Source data
........

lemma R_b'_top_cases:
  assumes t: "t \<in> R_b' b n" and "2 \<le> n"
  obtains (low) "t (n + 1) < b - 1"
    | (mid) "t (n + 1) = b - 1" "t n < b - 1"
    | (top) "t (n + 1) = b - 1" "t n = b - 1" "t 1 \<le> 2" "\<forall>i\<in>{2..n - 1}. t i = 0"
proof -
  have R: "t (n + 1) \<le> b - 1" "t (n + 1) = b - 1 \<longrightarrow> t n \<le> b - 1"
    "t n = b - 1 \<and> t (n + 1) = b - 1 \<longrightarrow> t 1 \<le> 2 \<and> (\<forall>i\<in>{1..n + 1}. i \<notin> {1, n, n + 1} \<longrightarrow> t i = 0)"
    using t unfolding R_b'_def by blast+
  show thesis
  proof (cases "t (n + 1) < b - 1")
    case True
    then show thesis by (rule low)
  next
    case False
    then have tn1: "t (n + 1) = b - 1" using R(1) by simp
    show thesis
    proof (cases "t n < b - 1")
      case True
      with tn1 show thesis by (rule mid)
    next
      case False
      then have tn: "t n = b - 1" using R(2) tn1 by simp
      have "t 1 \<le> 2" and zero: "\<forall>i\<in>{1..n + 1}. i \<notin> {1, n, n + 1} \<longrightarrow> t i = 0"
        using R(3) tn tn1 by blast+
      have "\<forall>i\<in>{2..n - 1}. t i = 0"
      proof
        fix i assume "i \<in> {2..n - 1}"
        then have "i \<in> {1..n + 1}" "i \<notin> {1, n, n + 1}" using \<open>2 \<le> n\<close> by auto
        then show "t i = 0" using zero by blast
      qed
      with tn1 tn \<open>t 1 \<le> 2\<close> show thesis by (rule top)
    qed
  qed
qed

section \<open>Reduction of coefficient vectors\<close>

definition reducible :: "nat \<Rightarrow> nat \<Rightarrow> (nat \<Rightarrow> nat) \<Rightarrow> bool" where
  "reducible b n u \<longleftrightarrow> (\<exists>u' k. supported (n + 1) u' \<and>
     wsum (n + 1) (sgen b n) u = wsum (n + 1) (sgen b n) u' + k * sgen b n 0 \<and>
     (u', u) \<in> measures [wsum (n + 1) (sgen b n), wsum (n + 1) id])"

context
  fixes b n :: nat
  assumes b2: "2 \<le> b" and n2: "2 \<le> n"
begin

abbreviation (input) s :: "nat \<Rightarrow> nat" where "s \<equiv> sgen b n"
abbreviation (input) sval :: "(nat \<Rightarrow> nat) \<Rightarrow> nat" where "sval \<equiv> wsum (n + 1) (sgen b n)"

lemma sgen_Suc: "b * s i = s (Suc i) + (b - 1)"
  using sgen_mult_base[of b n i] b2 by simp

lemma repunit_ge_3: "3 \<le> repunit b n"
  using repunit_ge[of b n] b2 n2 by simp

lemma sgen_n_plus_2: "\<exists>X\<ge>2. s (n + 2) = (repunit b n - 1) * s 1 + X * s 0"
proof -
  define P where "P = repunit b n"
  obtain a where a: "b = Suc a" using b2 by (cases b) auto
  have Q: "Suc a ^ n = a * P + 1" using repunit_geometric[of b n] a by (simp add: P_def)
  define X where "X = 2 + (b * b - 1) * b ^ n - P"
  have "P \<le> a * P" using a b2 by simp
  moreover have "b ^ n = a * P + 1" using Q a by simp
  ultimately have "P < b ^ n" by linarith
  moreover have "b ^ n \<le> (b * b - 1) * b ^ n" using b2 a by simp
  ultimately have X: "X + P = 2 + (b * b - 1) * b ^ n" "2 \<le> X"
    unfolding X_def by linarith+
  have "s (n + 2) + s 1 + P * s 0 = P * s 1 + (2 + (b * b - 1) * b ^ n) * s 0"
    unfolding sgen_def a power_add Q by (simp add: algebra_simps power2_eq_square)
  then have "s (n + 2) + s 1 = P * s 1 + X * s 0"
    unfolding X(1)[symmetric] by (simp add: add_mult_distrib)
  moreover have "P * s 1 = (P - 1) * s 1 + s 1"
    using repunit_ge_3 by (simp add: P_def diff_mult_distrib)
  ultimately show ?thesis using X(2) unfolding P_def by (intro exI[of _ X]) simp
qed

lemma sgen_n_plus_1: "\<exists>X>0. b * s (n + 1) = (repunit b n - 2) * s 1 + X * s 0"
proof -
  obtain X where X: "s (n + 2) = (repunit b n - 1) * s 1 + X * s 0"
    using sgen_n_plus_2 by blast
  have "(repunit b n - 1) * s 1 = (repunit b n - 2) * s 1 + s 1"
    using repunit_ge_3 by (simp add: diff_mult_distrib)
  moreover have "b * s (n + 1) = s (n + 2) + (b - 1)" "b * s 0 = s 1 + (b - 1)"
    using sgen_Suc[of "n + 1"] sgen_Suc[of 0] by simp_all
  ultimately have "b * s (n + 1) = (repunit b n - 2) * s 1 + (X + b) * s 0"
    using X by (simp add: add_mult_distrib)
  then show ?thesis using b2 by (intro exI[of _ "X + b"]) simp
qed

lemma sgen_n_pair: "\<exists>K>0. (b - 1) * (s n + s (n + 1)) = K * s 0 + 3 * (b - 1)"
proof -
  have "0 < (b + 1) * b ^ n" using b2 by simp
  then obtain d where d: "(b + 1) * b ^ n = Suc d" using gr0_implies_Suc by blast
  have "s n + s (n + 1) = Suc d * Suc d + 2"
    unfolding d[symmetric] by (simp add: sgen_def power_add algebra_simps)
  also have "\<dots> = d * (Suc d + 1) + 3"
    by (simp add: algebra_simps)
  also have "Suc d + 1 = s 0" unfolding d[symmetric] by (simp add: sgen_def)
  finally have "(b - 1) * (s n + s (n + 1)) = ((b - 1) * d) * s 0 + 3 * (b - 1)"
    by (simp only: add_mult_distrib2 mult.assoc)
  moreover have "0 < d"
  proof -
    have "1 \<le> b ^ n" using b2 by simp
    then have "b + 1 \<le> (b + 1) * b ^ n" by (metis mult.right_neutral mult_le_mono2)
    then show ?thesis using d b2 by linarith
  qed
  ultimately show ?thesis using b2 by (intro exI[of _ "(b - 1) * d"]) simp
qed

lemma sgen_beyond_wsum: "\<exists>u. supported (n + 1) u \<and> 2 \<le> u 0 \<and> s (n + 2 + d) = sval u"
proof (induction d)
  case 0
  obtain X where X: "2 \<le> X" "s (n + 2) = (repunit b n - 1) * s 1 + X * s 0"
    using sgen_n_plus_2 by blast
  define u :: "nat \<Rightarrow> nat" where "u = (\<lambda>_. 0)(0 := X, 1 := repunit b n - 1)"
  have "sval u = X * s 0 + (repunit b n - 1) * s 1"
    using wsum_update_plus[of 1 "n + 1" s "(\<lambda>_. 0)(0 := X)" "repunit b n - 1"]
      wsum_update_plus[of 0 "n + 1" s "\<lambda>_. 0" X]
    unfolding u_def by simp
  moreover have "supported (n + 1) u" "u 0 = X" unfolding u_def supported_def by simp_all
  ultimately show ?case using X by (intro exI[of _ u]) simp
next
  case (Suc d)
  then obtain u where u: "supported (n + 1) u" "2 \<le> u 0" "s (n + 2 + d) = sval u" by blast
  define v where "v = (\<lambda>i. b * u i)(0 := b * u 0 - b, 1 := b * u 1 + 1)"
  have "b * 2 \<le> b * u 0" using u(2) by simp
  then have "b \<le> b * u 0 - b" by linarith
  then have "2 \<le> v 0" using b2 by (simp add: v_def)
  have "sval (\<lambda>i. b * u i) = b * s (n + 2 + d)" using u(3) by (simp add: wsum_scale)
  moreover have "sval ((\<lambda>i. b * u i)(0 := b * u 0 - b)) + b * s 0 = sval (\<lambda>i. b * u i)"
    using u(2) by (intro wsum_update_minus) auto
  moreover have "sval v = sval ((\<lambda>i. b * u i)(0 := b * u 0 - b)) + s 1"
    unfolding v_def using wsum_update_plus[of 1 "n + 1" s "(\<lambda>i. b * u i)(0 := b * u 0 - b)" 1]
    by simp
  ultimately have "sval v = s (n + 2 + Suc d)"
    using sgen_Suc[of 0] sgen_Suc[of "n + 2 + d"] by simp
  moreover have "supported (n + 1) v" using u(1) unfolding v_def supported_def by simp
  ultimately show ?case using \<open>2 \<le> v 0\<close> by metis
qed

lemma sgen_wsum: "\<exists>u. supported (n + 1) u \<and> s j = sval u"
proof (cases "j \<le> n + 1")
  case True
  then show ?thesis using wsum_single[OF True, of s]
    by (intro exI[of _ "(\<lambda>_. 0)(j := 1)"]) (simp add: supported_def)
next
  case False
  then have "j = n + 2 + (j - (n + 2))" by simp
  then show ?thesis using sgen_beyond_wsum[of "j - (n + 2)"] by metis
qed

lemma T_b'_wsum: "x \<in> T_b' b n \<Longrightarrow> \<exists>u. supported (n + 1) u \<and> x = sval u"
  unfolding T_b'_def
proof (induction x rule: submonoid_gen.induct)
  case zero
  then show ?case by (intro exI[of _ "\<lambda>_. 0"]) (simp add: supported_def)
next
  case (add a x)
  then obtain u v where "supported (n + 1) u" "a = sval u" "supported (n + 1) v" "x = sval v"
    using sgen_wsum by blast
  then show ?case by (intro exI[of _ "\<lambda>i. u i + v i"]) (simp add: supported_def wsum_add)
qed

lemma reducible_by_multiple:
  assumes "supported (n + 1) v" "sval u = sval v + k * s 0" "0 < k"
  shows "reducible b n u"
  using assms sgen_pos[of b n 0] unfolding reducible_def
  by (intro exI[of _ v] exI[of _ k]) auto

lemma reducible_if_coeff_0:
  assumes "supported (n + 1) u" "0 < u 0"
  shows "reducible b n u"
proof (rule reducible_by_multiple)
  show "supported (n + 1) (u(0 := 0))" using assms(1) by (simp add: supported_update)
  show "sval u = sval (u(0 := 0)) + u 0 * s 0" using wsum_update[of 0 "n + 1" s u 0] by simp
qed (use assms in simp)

........

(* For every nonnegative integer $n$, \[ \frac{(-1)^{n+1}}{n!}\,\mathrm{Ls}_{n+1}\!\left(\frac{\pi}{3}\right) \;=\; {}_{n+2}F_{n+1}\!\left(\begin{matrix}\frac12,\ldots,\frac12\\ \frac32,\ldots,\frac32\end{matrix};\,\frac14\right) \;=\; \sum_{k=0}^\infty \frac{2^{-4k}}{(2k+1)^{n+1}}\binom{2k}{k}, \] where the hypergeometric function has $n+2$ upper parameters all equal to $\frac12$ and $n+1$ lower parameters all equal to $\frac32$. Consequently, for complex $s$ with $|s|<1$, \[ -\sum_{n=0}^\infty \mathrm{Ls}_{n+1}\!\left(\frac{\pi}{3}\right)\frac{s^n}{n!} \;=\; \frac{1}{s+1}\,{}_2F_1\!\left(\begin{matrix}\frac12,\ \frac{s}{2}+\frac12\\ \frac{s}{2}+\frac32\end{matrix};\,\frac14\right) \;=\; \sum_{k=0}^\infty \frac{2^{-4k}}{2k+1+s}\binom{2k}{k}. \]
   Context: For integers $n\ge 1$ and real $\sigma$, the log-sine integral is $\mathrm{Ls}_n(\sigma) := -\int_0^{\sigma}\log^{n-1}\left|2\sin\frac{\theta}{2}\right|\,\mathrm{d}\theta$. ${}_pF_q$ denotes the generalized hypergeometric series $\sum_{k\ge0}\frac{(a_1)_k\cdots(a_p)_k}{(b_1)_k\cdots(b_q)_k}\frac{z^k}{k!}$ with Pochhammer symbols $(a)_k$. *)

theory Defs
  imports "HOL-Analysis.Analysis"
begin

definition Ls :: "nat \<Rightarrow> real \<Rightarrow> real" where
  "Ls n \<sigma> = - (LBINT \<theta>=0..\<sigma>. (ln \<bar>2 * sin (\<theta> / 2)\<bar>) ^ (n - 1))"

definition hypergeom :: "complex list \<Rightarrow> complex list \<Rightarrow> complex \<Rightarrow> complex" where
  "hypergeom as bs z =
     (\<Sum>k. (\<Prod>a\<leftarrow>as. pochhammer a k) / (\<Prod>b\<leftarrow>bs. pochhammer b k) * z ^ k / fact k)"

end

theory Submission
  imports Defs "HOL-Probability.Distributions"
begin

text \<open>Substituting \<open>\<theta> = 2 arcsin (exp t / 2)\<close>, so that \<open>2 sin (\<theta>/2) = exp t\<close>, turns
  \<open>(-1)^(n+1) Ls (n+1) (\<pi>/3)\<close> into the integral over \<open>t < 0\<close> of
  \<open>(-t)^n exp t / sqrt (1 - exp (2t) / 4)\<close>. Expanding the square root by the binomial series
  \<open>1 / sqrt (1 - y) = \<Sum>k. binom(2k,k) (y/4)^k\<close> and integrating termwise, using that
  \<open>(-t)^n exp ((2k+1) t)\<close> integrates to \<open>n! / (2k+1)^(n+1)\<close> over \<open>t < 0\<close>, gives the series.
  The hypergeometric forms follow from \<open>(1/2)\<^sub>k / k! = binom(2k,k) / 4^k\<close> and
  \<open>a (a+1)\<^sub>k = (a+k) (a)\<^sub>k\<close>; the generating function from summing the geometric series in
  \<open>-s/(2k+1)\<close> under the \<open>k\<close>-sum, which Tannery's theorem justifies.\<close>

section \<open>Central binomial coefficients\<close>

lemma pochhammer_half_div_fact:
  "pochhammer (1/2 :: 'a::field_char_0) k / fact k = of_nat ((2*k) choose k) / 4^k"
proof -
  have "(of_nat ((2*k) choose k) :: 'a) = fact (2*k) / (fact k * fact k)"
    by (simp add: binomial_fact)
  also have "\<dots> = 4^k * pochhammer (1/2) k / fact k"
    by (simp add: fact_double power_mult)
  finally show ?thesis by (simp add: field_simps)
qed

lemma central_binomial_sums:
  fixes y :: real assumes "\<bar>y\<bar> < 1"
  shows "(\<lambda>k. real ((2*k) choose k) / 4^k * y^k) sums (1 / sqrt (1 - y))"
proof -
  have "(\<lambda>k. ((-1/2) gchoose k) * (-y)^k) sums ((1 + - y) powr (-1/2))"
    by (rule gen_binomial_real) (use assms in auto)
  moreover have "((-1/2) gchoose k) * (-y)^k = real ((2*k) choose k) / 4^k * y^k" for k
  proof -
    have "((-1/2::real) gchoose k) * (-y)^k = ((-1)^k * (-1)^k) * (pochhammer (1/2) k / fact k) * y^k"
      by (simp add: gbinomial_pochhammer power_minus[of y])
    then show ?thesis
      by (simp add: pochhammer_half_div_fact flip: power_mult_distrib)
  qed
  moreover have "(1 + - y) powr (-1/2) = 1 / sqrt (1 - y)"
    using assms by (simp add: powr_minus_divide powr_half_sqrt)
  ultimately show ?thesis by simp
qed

........

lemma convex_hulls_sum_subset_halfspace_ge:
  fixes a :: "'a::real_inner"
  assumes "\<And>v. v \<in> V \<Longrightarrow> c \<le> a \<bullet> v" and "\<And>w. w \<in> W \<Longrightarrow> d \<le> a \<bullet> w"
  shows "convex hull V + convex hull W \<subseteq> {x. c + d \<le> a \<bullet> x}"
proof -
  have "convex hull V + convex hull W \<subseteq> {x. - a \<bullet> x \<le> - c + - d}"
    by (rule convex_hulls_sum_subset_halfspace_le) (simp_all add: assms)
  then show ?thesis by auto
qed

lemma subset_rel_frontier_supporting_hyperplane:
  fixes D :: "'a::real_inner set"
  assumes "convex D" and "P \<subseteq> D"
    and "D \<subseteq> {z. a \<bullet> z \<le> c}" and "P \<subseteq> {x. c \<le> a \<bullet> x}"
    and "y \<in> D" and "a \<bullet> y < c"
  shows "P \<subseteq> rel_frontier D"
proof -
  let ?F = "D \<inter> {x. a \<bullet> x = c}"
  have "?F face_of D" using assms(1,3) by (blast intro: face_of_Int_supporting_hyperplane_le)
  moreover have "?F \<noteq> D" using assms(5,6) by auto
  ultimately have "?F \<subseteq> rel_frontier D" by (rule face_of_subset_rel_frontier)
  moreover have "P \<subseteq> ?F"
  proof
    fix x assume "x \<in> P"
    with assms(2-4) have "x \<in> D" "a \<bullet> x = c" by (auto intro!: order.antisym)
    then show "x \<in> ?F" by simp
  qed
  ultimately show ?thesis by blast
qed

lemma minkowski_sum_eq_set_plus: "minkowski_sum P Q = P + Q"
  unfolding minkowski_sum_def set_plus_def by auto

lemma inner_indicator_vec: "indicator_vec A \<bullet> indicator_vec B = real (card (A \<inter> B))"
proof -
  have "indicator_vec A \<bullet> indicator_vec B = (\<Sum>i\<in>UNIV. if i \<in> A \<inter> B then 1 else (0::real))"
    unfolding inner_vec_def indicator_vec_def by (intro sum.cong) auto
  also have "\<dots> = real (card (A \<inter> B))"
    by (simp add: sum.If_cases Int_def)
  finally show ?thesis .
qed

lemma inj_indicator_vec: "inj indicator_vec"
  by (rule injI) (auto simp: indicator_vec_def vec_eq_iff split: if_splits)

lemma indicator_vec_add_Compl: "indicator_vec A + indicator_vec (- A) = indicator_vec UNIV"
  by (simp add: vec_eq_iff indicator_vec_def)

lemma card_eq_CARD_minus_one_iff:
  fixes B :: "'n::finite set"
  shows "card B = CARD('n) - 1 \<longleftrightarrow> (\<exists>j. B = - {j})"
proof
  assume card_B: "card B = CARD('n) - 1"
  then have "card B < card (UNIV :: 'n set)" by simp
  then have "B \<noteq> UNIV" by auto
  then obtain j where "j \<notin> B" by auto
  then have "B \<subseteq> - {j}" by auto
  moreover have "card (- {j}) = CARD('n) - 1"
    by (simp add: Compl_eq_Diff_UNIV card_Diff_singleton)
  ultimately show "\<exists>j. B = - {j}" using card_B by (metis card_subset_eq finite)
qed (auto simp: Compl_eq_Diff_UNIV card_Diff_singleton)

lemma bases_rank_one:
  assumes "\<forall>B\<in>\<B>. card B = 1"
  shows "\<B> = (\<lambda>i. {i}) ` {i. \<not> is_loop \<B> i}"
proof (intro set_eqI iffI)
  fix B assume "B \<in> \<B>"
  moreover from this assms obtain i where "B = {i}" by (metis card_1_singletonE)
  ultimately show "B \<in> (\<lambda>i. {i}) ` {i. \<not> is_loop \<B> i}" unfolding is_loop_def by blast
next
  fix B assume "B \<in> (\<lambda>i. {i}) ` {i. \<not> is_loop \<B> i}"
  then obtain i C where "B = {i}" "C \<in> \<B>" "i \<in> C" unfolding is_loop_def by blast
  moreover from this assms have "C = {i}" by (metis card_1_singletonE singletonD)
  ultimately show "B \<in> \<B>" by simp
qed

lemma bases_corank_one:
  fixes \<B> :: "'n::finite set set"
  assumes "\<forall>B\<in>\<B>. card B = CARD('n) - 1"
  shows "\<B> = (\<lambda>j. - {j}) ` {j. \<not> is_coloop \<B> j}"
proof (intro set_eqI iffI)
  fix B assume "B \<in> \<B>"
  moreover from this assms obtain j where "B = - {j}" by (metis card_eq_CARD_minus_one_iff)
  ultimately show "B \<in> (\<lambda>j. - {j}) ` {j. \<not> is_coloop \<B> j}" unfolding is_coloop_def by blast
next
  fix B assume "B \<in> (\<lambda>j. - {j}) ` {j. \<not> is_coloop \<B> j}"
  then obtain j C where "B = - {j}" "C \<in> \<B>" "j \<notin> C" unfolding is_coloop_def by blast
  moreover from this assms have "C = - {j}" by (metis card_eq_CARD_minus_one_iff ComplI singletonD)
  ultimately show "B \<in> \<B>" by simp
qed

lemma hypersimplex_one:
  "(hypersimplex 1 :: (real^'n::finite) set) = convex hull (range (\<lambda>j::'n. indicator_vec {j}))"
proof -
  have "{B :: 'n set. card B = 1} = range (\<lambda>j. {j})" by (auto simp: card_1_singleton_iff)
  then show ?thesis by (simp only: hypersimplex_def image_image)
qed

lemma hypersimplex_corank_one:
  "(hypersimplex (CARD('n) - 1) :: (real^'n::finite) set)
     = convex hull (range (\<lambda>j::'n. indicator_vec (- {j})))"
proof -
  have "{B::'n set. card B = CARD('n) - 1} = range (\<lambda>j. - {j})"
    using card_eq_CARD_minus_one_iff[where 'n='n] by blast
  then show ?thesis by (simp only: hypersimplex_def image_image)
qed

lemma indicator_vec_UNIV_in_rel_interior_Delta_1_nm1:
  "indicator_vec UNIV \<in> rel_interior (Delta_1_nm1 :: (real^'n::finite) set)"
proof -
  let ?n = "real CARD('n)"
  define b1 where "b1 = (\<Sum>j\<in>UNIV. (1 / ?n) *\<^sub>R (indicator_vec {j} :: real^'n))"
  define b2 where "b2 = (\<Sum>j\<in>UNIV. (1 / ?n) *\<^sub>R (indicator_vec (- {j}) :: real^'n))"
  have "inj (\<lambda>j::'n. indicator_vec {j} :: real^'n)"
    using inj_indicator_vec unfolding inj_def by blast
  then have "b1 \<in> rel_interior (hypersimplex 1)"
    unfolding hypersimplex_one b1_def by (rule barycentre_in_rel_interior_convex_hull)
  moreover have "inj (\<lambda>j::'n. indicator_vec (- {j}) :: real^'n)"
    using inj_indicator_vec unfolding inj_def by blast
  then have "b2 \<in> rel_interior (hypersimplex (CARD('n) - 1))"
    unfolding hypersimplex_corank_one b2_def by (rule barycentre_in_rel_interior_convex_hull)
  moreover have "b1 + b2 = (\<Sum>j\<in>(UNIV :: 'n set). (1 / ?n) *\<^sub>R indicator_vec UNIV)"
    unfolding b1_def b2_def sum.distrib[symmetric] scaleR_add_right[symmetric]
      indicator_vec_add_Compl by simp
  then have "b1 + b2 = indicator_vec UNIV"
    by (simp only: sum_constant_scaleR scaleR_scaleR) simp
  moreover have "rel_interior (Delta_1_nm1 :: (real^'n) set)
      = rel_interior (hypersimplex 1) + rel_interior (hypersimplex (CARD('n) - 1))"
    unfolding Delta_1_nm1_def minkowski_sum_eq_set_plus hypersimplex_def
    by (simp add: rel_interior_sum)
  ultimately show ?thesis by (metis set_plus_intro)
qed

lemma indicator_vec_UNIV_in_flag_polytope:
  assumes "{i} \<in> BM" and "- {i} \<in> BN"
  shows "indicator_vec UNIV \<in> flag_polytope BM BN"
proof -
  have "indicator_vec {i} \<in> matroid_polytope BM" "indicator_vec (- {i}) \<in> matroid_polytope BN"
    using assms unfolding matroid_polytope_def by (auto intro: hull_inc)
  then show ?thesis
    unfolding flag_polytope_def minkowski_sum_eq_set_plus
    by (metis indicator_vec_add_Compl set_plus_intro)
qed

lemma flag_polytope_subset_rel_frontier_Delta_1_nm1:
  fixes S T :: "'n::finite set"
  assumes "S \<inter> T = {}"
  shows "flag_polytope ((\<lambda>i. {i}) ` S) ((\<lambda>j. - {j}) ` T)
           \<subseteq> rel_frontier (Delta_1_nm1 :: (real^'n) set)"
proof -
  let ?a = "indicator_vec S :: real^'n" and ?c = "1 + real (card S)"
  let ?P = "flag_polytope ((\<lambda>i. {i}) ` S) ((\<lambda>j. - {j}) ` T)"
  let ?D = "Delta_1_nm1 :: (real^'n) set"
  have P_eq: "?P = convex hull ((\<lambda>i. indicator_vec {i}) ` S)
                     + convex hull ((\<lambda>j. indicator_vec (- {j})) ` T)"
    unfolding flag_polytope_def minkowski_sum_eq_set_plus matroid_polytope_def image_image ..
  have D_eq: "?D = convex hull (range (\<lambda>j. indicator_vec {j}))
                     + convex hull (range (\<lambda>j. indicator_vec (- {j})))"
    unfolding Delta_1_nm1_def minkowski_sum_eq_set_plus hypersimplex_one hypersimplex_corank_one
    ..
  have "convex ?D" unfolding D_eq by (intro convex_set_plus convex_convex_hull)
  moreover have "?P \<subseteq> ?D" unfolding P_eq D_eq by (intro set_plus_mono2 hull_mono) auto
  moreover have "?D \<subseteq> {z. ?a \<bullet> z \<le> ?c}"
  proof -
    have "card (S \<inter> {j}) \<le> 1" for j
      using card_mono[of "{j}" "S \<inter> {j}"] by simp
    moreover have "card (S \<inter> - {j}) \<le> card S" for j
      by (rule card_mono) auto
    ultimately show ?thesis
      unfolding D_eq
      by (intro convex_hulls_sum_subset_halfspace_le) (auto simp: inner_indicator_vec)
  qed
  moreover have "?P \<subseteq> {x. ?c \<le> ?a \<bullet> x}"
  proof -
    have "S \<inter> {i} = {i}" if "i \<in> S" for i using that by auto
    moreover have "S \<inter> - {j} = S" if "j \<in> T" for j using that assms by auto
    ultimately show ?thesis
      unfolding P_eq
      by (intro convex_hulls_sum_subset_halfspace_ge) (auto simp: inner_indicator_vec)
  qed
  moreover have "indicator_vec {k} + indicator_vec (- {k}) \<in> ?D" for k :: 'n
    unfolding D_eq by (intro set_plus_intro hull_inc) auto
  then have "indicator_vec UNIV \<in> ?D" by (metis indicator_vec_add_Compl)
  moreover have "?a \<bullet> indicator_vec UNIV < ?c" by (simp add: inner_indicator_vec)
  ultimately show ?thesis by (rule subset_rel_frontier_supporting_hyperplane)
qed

........

What you need to do
Can you repeat, word for word, every line above from the one containing "unfolding T_b'_def" down to the one containing "(simp add: supported_update)", including both?

Expected output
  unfolding T_b'_def
proof (induction x rule: submonoid_gen.induct)
  case zero
  then show ?case by (intro exI[of _ "\<lambda>_. 0"]) (simp add: supported_def)
next
  case (add a x)
  then obtain u v where "supported (n + 1) u" "a = sval u" "supported (n + 1) v" "x = sval v"
    using sgen_wsum by blast
  then show ?case by (intro exI[of _ "\<lambda>i. u i + v i"]) (simp add: supported_def wsum_add)
qed

lemma reducible_by_multiple:
  assumes "supported (n + 1) v" "sval u = sval v + k * s 0" "0 < k"
  shows "reducible b n u"
  using assms sgen_pos[of b n 0] unfolding reducible_def
  by (intro exI[of _ v] exI[of _ k]) auto

lemma reducible_if_coeff_0:
  assumes "supported (n + 1) u" "0 < u 0"
  shows "reducible b n u"
proof (rule reducible_by_multiple)
  show "supported (n + 1) (u(0 := 0))" using assms(1) by (simp add: supported_update)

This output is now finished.